次日,胡二爷果然带周三前来。周三满脸虬髯,面色如铁,穿着紧身衣裤。酒过数巡,周三对张太华说:“刚才胡二弟转达了您的心意,事情我已尽知。但这些狐妖党羽众多,难以好言相劝,难免动用武力。请允许我暂居您家,这点小事不敢推辞。”张太华转念一想:赶走一只狐妖,又来一只狐妖,这不是以暴易暴吗?于是犹豫不敢立刻答应。周三早已看透他的心思,说:“不必害怕,我与其他狐妖不同,且与您有善缘,请勿怀疑。” 张太华这才答应。周三又叮嘱:“明日请您带家人关紧房门坐在室内,切勿喧哗。”张太华回家后,尽数照办。不久听见庭院中传来激烈的打斗声,过了许久才平静。开门查看,台阶上血迹斑斑;台阶下有几颗碗盏大小的小狐狸头;再看为周三准备的房间,他正端坐在里面,拱手笑道:“承蒙重托,妖狐已被荡平。”从此,周三便住在张太华家,主客相处融洽。

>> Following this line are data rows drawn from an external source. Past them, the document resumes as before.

lemma pairing_mixtures:
  assumes "pairing P P = of_real c"
    and "pairing P (mixture p P \<sigma>1) = of_real f" and "pairing P (mixture p P \<sigma>2) = of_real f"
  shows "pairing (mixture p P \<sigma>1) (mixture p P \<sigma>2)
    = of_real (2 * p * f - p\<^sup>2 * c) + of_real ((1 - p)\<^sup>2) * pairing \<sigma>1 \<sigma>2"
proof -
  have overlap: "of_real (1 - p) * pairing P \<sigma> = of_real (f - p * c)"
    if "pairing P (mixture p P \<sigma>) = of_real f" for \<sigma>
    using that assms(1) by (simp add: pairing_mixture_right algebra_simps)
  have "pairing (mixture p P \<sigma>1) (mixture p P \<sigma>2)
      = of_real p * pairing P (mixture p P \<sigma>2) + of_real (1 - p) * pairing \<sigma>1 (mixture p P \<sigma>2)"
    by (rule pairing_mixture_left)
  also have "\<dots> = of_real p * of_real f
      + of_real (1 - p) * (of_real p * pairing \<sigma>1 P + of_real (1 - p) * pairing \<sigma>1 \<sigma>2)"
    using assms(3) by (simp only: pairing_mixture_right[of \<sigma>1])
  also have "\<dots> = of_real p * of_real f + of_real p * (of_real (1 - p) * pairing P \<sigma>1)
      + of_real ((1 - p)\<^sup>2) * pairing \<sigma>1 \<sigma>2"
    by (simp add: pairing_commute[of \<sigma>1 P] algebra_simps power2_eq_square)
  also have "\<dots> = of_real (2 * p * f - p\<^sup>2 * c) + of_real ((1 - p)\<^sup>2) * pairing \<sigma>1 \<sigma>2"
    unfolding overlap[OF assms(2)] by (simp add: algebra_simps power2_eq_square)
  finally show ?thesis .
qed

definition partial_trace :: "('a::finite \<times> 'b::finite) op \<Rightarrow> 'a op" where
  "partial_trace \<rho> = (\<lambda>a a'. \<Sum>b\<in>UNIV. \<rho> (a, b) (a', b))"

lemma partial_trace_mixture:
  "partial_trace (mixture p P \<sigma>) = mixture p (partial_trace P) (partial_trace \<sigma>)"
  by (simp add: partial_trace_def mixture_def fun_eq_iff sum.distrib sum_distrib_left)

lemma trace_partial_trace: "trace_op (partial_trace \<rho>) = trace_op \<rho>"
  by (simp add: trace_op_def partial_trace_def sum_UNIV_prod[of "\<lambda>x. \<rho> x x"])

lemma expect_partial_trace:
  "expect w (partial_trace \<rho>) = (\<Sum>b\<in>UNIV. expect (\<lambda>(a, b'). if b' = b then w a else 0) \<rho>)"
proof -
  have "expect w (partial_trace \<rho>)
      = (\<Sum>a\<in>UNIV. \<Sum>a'\<in>UNIV. \<Sum>b\<in>UNIV. cnj (w a) * \<rho> (a, b) (a', b) * w a')"
    by (simp add: expect_def partial_trace_def sum_distrib_left sum_distrib_right)
  also have "\<dots> = (\<Sum>b\<in>UNIV. \<Sum>a\<in>UNIV. \<Sum>a'\<in>UNIV. cnj (w a) * \<rho> (a, b) (a', b) * w a')"
    by (simp only: sum.swap[where A = "UNIV :: 'a set" and B = "UNIV :: 'b set"])
  also have "\<dots> = (\<Sum>b\<in>UNIV. expect (\<lambda>(a, b'). if b' = b then w a else 0) \<rho>)"
    by (simp add: expect_def sum_UNIV_prod[of "\<lambda>x. f x" for f] if_zero_distribs sum.delta)
  finally show ?thesis .
qed

lemma psd_partial_trace:
  assumes "psd \<rho>"
  shows "psd (partial_trace \<rho>)"
  unfolding psd_def hermitian_def expect_partial_trace
proof (intro conjI allI)
  show "partial_trace \<rho> a a' = cnj (partial_trace \<rho> a' a)" for a a'
    using psd_entry_cnj[OF assms, of "(a', b)" "(a, b)" for b] by (simp add: partial_trace_def)
  show "Im (\<Sum>b\<in>UNIV. expect (\<lambda>(a, b'). if b' = b then w a else 0) \<rho>) = 0"
    "0 \<le> Re (\<Sum>b\<in>UNIV. expect (\<lambda>(a, b'). if b' = b then w a else 0) \<rho>)" for w
    using psd_expect_real[OF assms] psd_expect_nonneg[OF assms] by (simp_all add: sum_nonneg)
qed

lemma pairing_idop_minus: "pairing (\<lambda>x y. idop x y - A x y) B = trace_op B - pairing A B"
  by (simp add: pairing_def trace_op_def idop_def left_diff_distrib sum_subtractf
      if_zero_distribs sum.delta)

text \<open>For a qubit of trace 1, \<open>I - t\<close> is \<open>t\<close> seen through the spin flip
  \<open>(w0, w1) \<mapsto> (cnj w1, - cnj w0)\<close>, an identity special to dimension 2.\<close>

lemma psd_idop_minus_qubit:
  fixes t :: "bool op"
  assumes t: "psd t" and "trace_op t = 1"
  shows "psd (\<lambda>a a'. idop a a' - t a a')"
proof -
  have herm: "hermitian (\<lambda>a a'. idop a a' - t a a')"
    using t unfolding psd_def by (intro hermitian_diff hermitian_idop) simp
  have t11: "t True True = 1 - t False False"
    using assms(2) unfolding trace_op_def sum_UNIV_bool by (simp add: eq_diff_eq add.commute)
  have flip: "expect w (\<lambda>a a'. idop a a' - t a a')
      = expect (\<lambda>a. if a then - cnj (w False) else cnj (w True)) t" for w
    by (simp add: expect_def idop_def sum_UNIV_bool algebra_simps t11)
  show ?thesis
    unfolding psd_def flip using herm psd_expect_real[OF t] psd_expect_nonneg[OF t] by simp
qed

他们在差役家中设席宴请胡二爷。胡二爷到来后,与众人揖让敬酒,举止和常人无异。张太华说明来意,胡二爷说:“我早已知晓,但无法为您效力。我有个朋友周三,寄居在岳庙,应该能降伏狐妖,我代为求情。” 张太华大喜,再三感谢。胡二爷临走时与他约定,次日在岳庙东边设宴,张太华答应下来。

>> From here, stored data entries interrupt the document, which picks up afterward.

lemma character_mult_block_idempotent:
  "i \<in> \<Lambda> \<Longrightarrow> character \<rho> i (block_idempotent j * x) = (if i = j then character \<rho> j x else 0)"
  using rep_carrier[of i x]
  by (auto simp: character_def mat_trace_def rep_mult rep_block_idempotent)

lemma character_block_idempotent: "j \<in> \<Lambda> \<Longrightarrow> character \<rho> j (block_idempotent j) = of_nat (d j)"
  by (simp add: character_def mat_trace_def rep_block_idempotent)

lemma character_eq_trace_block_idempotent:
  assumes "j \<in> \<Lambda>"
  shows "character \<rho> j x = c j * \<tau> (block_idempotent j * x)"
proof -
  have "\<tau> (block_idempotent j * x) = (\<Sum>i\<in>\<Lambda>. if i = j then inverse (c j) * character \<rho> j x else 0)"
    unfolding trace_schur by (rule sum.cong) (auto simp: character_mult_block_idempotent)
  then show ?thesis using assms finite_reps schur_nonzero by simp
qed

lemma character_star:
  assumes anisotropic: "\<And>h. \<tau> (h * st h) = 0 \<Longrightarrow> h = 0" and "j \<in> \<Lambda>"
  shows "character \<rho> j (st h) = character \<rho> j h"
proof -
  have e: "st (block_idempotent j) = block_idempotent j"
    using star_central_idempotent[OF anisotropic block_idempotent_central block_idempotent_idem] .
  have "\<tau> (block_idempotent j * st h) = \<tau> (block_idempotent j * h)"
    using trace_star[of "h * block_idempotent j"] by (simp add: star_mult e block_idempotent_central)
  then show ?thesis using character_eq_trace_block_idempotent[OF assms(2)] by metis
qed
(* Fix $\beta>0$ and $\delta\in(0,\pi)$. Let $\rho_\varepsilon(\varphi)$ and $d_\varepsilon(\varphi)$ be families of real $2\pi$-periodic functions, depending smoothly on $(\varepsilon,\varphi)$, such that for every $\varepsilon$ and every $\bar\varphi$ $$\int_{\bar\varphi-d_\varepsilon(\bar\varphi)}^{\bar\varphi+d_\varepsilon(\bar\varphi)}\rho_\varepsilon(\xi)e^{i\xi}\,d\xi=\frac{2}{\beta}\sin\big(\delta+d_\varepsilon(\bar\varphi)\big)e^{i\bar\varphi},$$ and such that $\rho_0\equiv1$ and $d_0$ is a constant. Let $\rho_1=\frac{d}{d\varepsilon}\big|_{\varepsilon=0}\rho_\varepsilon$ and $d_1=\frac{d}{d\varepsilon}\big|_{\varepsilon=0}d_\varepsilon$. Then: (a) $\beta\sin d_0=\sin(\delta+d_0)$; (b) the Fourier coefficients $\widehat{\rho}_{1n}$ of $\rho_1$ and $\widehat{d}_{1n}$ of $d_1$ all vanish except for those $n$ which satisfy the Gutkin relation $n\tan(d_0)=\tan(nd_0)$.
   Context: The displayed equation is the analytic form of the $\delta$-Gutkin property of a magnetic billiard (Larmor radius $1/\beta$) whose boundary has radius of curvature $\rho$ as a function of the tangent angle; $\rho_0\equiv 1$, $d_0$ constant corresponds to the unit circle. *)

theory Defs
  imports "HOL-Analysis.Analysis"
begin

text \<open>Taken coinductively, this says that partial derivatives of all orders exist on S.\<close>
coinductive smooth2_on :: "(real \<times> real) set \<Rightarrow> (real \<times> real \<Rightarrow> real) \<Rightarrow> bool" where
  "open S \<Longrightarrow>
   (\<forall>z\<in>S. (f has_derivative (\<lambda>h. fst h * g1 z + snd h * g2 z)) (at z)) \<Longrightarrow>
   smooth2_on S g1 \<Longrightarrow> smooth2_on S g2 \<Longrightarrow> smooth2_on S f"

definition oint :: "real \<Rightarrow> real \<Rightarrow> (real \<Rightarrow> complex) \<Rightarrow> complex" where
  "oint a b f = (if a \<le> b then integral {a..b} f else - integral {b..a} f)"

definition fourier_coeff :: "(real \<Rightarrow> real) \<Rightarrow> int \<Rightarrow> complex" where
  "fourier_coeff f n =
     integral {0..2*pi} (\<lambda>x. complex_of_real (f x) * exp (- \<i> * of_int n * of_real x)) / (2 * pi)"

end

theory Submission
  imports Defs
begin

(* Substituting xi = phi + d t fixes the limits of the Gutkin integral:
   int_{-1}^{1} d rho(phi + d t) e^{i(phi + d t)} dt = (2/beta) sin(delta + d) e^{i phi}.
   At eps = 0 this reads 2 sin d0 = (2/beta) sin(delta + d0), which is (a).  Differentiating at
   eps = 0 under the integral sign gives the linearised identity
   int_{phi-d0}^{phi+d0} rho1(xi) e^{i xi} dxi = C d1(phi) e^{i phi},  C = (2/beta) cos(delta + d0) - 2 cos d0,
   and C <> 0, since otherwise (a) would give sin delta = 0.  The left side is a convolution of
   rho1 e^{i xi} with the indicator of [-d0, d0], so its (n+1)-st Fourier coefficient is
   w(n+1) rho1^_n with w(k) = 2 sin(k d0) / k; hence w(n+1) rho1^_n = C d1^_n.  As rho1 and d1 are real,
   the same relation for -n conjugates to w(1-n) rho1^_n = C d1^_n.  So both coefficients vanish
   unless w(1-n) = w(1+n), and that is exactly the Gutkin relation n tan d0 = tan(n d0). *)

lemma smooth2_onE:
  assumes "smooth2_on S f"
  obtains g1 g2 where "open S"
    and "\<And>z. z \<in> S \<Longrightarrow> (f has_derivative (\<lambda>h. fst h * g1 z + snd h * g2 z)) (at z)"
    and "smooth2_on S g1" "smooth2_on S g2"
  using assms by (cases rule: smooth2_on.cases) auto

lemma smooth2_on_imp_continuous_on:
  assumes "smooth2_on S f"
  shows "continuous_on S f"
proof -
  obtain g1 g2 where "\<And>z. z \<in> S \<Longrightarrow> (f has_derivative (\<lambda>h. fst h * g1 z + snd h * g2 z)) (at z)"
    using smooth2_onE[OF assms] by blast
  then show ?thesis
    by (metis continuous_at_imp_continuous_on has_derivative_continuous)
qed

lemma continuous_on_compose_curried:
  fixes g :: "real \<Rightarrow> real \<Rightarrow> 'a::topological_space"
  assumes "continuous_on (U \<times> UNIV) (\<lambda>(e, x). g e x)"
    and "continuous_on S a" "continuous_on S b" "\<And>p. p \<in> S \<Longrightarrow> a p \<in> U"
  shows "continuous_on S (\<lambda>p. g (a p) (b p))"
proof -
  have "continuous_on S (\<lambda>p. (a p, b p))" "(\<lambda>p. (a p, b p)) ` S \<subseteq> U \<times> UNIV"
    using assms(2-4) by (auto intro: continuous_on_Pair)
  from continuous_on_compose2[OF assms(1) this] show ?thesis by simp
qed

(* Differentiability is recorded as the chain rule along curves (u t, v t), the only form in which
   it is used. *)
locale C1_family =
  fixes U :: "real set" and f f\<^sub>e f\<^sub>x :: "real \<Rightarrow> real \<Rightarrow> real"
  assumes continuous: "continuous_on (U \<times> UNIV) (\<lambda>(e, x). f e x)"
    and continuous_partials:
      "continuous_on (U \<times> UNIV) (\<lambda>(e, x). f\<^sub>e e x)" "continuous_on (U \<times> UNIV) (\<lambda>(e, x). f\<^sub>x e x)"
    and chain_rule: "\<And>u v u' v' t T. u t \<in> U \<Longrightarrow> (u has_real_derivative u') (at t within T) \<Longrightarrow>
      (v has_real_derivative v') (at t within T) \<Longrightarrow>
      ((\<lambda>t. f (u t) (v t)) has_real_derivative u' * f\<^sub>e (u t) (v t) + v' * f\<^sub>x (u t) (v t)) (at t within T)"
begin

lemma has_real_derivative_param:
  assumes "e \<in> U"
  shows "((\<lambda>e. f e x) has_real_derivative f\<^sub>e e x) (at e within T)"
proof -
  have "((\<lambda>e. f e x) has_real_derivative 1 * f\<^sub>e e x + 0 * f\<^sub>x e x) (at e within T)"
    using assms by (intro chain_rule[where u = "\<lambda>e. e" and v = "\<lambda>_. x"] DERIV_ident DERIV_const)
  then show ?thesis by simp
qed

lemma has_real_derivative_var:
  assumes "e \<in> U"
  shows "((\<lambda>x. f e x) has_real_derivative f\<^sub>x e x) (at x within T)"
proof -
  have "((\<lambda>x. f e x) has_real_derivative 0 * f\<^sub>e e x + 1 * f\<^sub>x e x) (at x within T)"
    using assms by (intro chain_rule[where u = "\<lambda>_. e" and v = "\<lambda>x. x"] DERIV_ident DERIV_const)
  then show ?thesis by simp
qed

end

lemma smooth2_on_imp_C1_family:
  fixes f :: "real \<Rightarrow> real \<Rightarrow> real"
  assumes "smooth2_on (U \<times> UNIV) (\<lambda>(e, x). f e x)"
  obtains f\<^sub>e f\<^sub>x where "C1_family U f f\<^sub>e f\<^sub>x"
proof -
  obtain g1 g2 where g: "\<And>z. z \<in> U \<times> UNIV \<Longrightarrow>
      ((\<lambda>(e, x). f e x) has_derivative (\<lambda>h. fst h * g1 z + snd h * g2 z)) (at z)"
    and "smooth2_on (U \<times> UNIV) g1" "smooth2_on (U \<times> UNIV) g2"
    using smooth2_onE[OF assms] by blast
  then have cont: "continuous_on (U \<times> UNIV) (\<lambda>(e, x). g1 (e, x))" "continuous_on (U \<times> UNIV) (\<lambda>(e, x). g2 (e, x))"
    by (simp_all add: smooth2_on_imp_continuous_on)
  have chain: "((\<lambda>t. f (u t) (v t)) has_real_derivative u' * g1 (u t, v t) + v' * g2 (u t, v t))
      (at t within T)"
    if "u t \<in> U" "(u has_real_derivative u') (at t within T)" "(v has_real_derivative v') (at t within T)"
    for u v u' v' t T
  proof -
    have "((\<lambda>t. (u t, v t)) has_derivative (\<lambda>h. (u' * h, v' * h))) (at t within T)"
      using that(2,3) unfolding has_field_derivative_def by (intro has_derivative_Pair) auto
    from diff_chain_within[OF this has_derivative_at_withinI[OF g]] that(1)
    have "((\<lambda>t. f (u t) (v t)) has_derivative (\<lambda>h. (u' * g1 (u t, v t) + v' * g2 (u t, v t)) * h)) (at t within T)"
      by (simp add: o_def algebra_simps)
    then show ?thesis
      unfolding has_field_derivative_def by (rule has_derivative_eq_rhs) (simp add: fun_eq_iff)
  qed
  show ?thesis
    by (rule that, rule C1_family.intro[OF smooth2_on_imp_continuous_on[OF assms] cont chain])
qed

lemma smooth2_on_has_real_derivative_param:
  fixes f :: "real \<Rightarrow> real \<Rightarrow> real"
  assumes "smooth2_on (U \<times> UNIV) (\<lambda>(e, x). f e x)" "e \<in> U"
  shows "((\<lambda>e. f e x) has_real_derivative deriv (\<lambda>e. f e x) e) (at e)"
proof -
  obtain f\<^sub>e f\<^sub>x where "C1_family U f f\<^sub>e f\<^sub>x"
    using smooth2_on_imp_C1_family[OF assms(1)] .
  from C1_family.has_real_derivative_param[OF this assms(2), of x UNIV] show ?thesis
    by (metis DERIV_imp_deriv)
qed

lemma smooth2_on_continuous_on_deriv_param:
  fixes f :: "real \<Rightarrow> real \<Rightarrow> real"
  assumes "smooth2_on (U \<times> UNIV) (\<lambda>(e, x). f e x)" "e \<in> U"
  shows "continuous_on UNIV (\<lambda>x. deriv (\<lambda>e. f e x) e)"
proof -
  obtain f\<^sub>e f\<^sub>x where f: "C1_family U f f\<^sub>e f\<^sub>x"
    using smooth2_on_imp_C1_family[OF assms(1)] .
  have "deriv (\<lambda>e. f e x) e = f\<^sub>e e x" for x
    using C1_family.has_real_derivative_param[OF f assms(2)] by (rule DERIV_imp_deriv)
  moreover have "continuous_on UNIV (\<lambda>x. f\<^sub>e e x)"
    using assms(2) by (intro continuous_on_compose_curried[OF C1_family.continuous_partials(1)[OF f]] continuous_intros) auto
  ultimately show ?thesis by simp
qed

次日,胡二爷果然带周三前来。周三满脸虬髯,面色如铁,穿着紧身衣裤。酒过数巡,周三对张太华说:“刚才胡二弟转达了您的心意,事情我已尽知。但这些狐妖党羽众多,难以好言相劝,难免动用武力。请允许我暂居您家,这点小事不敢推辞。”张太华转念一想:赶走一只狐妖,又来一只狐妖,这不是以暴易暴吗?于是犹豫不敢立刻答应。周三早已看透他的心思,说:“不必害怕,我与其他狐妖不同,且与您有善缘,请勿怀疑。” 张太华这才答应。周三又叮嘱:“明日请您带家人关紧房门坐在室内,切勿喧哗。”张太华回家后,尽数照办。不久听见庭院中传来激烈的打斗声,过了许久才平静。开门查看,台阶上血迹斑斑;台阶下有几颗碗盏大小的小狐狸头;再看为周三准备的房间,他正端坐在里面,拱手笑道:“承蒙重托,妖狐已被荡平。”从此,周三便住在张太华家,主客相处融洽。